What you should do -> Your task is to find every line of the data that holds the string "integers" and copy it.

Given records ->
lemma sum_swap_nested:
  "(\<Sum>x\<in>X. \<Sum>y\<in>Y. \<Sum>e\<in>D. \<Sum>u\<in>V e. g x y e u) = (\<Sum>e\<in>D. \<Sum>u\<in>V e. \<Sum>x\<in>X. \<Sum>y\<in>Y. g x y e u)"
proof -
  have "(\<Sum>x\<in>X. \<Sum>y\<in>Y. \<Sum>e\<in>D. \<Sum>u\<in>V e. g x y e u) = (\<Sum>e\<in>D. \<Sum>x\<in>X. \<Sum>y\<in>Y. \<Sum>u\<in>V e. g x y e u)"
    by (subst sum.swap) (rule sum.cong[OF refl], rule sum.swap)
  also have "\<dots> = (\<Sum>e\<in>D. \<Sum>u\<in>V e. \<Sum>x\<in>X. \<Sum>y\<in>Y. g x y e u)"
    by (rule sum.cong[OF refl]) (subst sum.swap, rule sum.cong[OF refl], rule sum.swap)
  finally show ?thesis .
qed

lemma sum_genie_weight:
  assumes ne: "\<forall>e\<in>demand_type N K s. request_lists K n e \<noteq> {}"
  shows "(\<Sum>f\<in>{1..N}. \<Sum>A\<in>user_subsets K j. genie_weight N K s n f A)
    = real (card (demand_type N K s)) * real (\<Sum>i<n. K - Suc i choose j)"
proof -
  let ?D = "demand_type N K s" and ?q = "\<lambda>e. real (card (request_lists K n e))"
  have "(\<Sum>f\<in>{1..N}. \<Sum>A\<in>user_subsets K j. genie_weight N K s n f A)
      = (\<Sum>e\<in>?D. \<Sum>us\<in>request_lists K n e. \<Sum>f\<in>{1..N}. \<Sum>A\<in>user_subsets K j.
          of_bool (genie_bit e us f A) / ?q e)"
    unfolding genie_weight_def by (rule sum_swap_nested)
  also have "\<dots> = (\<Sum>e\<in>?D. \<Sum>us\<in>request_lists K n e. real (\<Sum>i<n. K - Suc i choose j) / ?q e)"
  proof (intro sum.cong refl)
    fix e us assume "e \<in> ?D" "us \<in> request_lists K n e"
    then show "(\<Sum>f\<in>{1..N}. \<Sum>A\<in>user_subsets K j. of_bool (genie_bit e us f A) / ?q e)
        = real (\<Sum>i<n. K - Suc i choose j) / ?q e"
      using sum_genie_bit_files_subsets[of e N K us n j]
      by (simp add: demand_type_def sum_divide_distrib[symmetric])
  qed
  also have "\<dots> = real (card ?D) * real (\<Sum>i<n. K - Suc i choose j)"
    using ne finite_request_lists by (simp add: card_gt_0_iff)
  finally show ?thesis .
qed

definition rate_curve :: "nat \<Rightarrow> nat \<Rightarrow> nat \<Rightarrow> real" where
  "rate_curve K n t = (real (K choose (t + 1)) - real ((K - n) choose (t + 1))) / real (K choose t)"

---

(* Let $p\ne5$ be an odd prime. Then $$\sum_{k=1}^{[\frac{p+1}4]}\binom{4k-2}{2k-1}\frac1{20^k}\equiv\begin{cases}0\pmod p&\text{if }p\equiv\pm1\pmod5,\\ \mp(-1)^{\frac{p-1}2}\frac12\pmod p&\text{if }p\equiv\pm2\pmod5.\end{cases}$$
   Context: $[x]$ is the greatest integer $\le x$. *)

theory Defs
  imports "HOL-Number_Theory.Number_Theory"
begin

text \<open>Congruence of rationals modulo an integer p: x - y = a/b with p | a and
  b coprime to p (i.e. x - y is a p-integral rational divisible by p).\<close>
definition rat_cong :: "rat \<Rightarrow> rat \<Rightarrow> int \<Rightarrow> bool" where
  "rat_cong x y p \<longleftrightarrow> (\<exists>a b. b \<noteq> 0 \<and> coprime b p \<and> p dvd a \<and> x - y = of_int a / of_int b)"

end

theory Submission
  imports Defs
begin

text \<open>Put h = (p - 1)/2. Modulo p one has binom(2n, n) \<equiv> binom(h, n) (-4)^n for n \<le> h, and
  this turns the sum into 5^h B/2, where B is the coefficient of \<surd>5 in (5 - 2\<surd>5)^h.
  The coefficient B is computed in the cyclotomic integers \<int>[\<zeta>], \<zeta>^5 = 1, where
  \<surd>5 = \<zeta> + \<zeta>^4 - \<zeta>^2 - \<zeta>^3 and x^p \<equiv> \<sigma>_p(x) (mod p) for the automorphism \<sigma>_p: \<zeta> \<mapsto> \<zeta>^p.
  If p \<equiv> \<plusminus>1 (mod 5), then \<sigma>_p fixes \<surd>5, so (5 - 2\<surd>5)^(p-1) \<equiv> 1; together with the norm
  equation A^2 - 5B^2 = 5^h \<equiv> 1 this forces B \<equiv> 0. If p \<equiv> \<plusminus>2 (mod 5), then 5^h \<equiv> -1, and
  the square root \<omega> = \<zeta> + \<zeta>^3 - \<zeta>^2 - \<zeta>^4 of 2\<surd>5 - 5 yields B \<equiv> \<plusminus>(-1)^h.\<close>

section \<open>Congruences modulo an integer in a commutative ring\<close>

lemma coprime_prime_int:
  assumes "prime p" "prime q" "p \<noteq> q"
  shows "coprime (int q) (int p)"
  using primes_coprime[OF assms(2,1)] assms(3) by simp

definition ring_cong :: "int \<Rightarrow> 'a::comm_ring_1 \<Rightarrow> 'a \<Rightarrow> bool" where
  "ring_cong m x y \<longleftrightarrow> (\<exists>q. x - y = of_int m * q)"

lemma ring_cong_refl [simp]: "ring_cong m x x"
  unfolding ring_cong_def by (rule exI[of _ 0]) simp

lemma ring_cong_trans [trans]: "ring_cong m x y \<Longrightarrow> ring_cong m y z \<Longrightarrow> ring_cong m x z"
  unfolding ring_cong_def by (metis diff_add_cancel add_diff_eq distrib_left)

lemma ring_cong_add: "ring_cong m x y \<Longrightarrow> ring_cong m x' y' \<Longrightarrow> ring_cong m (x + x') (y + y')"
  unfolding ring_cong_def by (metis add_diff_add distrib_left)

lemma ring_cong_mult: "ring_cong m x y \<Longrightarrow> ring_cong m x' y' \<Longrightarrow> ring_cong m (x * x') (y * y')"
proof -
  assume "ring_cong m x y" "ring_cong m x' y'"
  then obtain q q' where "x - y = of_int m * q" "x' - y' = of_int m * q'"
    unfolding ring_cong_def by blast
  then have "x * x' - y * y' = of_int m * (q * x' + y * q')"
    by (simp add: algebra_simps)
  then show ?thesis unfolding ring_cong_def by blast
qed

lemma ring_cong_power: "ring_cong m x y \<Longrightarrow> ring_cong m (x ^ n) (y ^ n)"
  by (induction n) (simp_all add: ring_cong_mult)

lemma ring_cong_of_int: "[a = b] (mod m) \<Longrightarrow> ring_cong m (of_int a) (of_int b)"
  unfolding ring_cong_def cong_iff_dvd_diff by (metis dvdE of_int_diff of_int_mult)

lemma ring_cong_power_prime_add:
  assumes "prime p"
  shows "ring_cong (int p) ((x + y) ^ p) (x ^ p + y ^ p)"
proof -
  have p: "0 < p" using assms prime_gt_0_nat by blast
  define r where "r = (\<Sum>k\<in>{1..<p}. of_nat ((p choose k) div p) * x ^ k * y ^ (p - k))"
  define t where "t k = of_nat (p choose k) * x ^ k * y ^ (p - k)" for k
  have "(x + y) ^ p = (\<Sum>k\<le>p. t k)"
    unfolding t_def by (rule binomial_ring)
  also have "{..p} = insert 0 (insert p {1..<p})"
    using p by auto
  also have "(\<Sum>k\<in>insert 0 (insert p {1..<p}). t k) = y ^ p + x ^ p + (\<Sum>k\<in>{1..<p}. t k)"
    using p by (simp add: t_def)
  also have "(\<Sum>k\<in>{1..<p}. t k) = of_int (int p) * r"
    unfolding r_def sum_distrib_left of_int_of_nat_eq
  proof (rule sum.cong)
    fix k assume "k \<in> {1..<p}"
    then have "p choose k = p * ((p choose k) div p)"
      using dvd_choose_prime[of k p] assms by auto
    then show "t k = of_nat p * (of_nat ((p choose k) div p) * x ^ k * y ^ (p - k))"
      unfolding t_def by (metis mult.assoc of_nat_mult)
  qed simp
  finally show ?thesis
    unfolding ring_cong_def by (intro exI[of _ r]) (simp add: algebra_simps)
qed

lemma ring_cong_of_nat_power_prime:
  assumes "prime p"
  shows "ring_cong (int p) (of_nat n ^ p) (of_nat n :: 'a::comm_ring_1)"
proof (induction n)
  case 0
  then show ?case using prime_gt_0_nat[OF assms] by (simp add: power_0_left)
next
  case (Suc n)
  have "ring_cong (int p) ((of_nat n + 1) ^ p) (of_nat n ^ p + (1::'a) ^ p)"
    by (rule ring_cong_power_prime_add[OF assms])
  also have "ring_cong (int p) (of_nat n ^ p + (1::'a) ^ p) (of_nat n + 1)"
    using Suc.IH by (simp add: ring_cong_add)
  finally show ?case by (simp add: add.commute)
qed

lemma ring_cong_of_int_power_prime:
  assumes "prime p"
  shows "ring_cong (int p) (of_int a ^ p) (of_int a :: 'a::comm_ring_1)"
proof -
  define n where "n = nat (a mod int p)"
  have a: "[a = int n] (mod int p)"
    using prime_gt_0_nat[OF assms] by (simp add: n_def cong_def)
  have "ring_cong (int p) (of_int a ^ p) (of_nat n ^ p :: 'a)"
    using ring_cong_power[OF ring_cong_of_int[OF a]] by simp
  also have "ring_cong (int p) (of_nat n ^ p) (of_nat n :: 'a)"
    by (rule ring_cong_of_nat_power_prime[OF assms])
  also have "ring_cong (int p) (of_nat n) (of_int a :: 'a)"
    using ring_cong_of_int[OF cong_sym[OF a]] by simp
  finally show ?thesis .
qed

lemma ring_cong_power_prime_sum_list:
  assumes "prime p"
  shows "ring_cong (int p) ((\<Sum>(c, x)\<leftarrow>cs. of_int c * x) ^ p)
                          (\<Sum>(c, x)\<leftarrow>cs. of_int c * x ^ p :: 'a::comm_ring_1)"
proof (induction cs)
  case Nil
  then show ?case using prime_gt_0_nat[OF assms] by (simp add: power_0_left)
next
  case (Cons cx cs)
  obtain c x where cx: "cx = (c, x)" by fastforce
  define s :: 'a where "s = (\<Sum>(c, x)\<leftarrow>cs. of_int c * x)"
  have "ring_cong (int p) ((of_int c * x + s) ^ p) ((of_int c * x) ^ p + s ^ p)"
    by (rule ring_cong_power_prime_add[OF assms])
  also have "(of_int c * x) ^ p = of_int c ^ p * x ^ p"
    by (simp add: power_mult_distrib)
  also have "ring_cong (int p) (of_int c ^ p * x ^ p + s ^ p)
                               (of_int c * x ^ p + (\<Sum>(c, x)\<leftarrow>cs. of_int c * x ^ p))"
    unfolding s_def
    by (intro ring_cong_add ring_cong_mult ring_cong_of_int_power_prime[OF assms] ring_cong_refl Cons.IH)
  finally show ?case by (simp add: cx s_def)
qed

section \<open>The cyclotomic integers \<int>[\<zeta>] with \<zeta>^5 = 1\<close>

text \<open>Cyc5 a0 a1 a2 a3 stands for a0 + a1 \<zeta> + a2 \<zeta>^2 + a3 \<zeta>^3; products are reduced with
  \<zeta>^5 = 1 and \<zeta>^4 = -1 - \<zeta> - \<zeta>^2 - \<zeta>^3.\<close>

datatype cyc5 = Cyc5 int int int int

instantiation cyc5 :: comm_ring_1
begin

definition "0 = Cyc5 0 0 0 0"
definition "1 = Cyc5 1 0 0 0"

Exercise response ->
  The coefficient B is computed in the cyclotomic integers \<int>[\<zeta>], \<zeta>^5 = 1, where
section \<open>The cyclotomic integers \<int>[\<zeta>] with \<zeta>^5 = 1\<close>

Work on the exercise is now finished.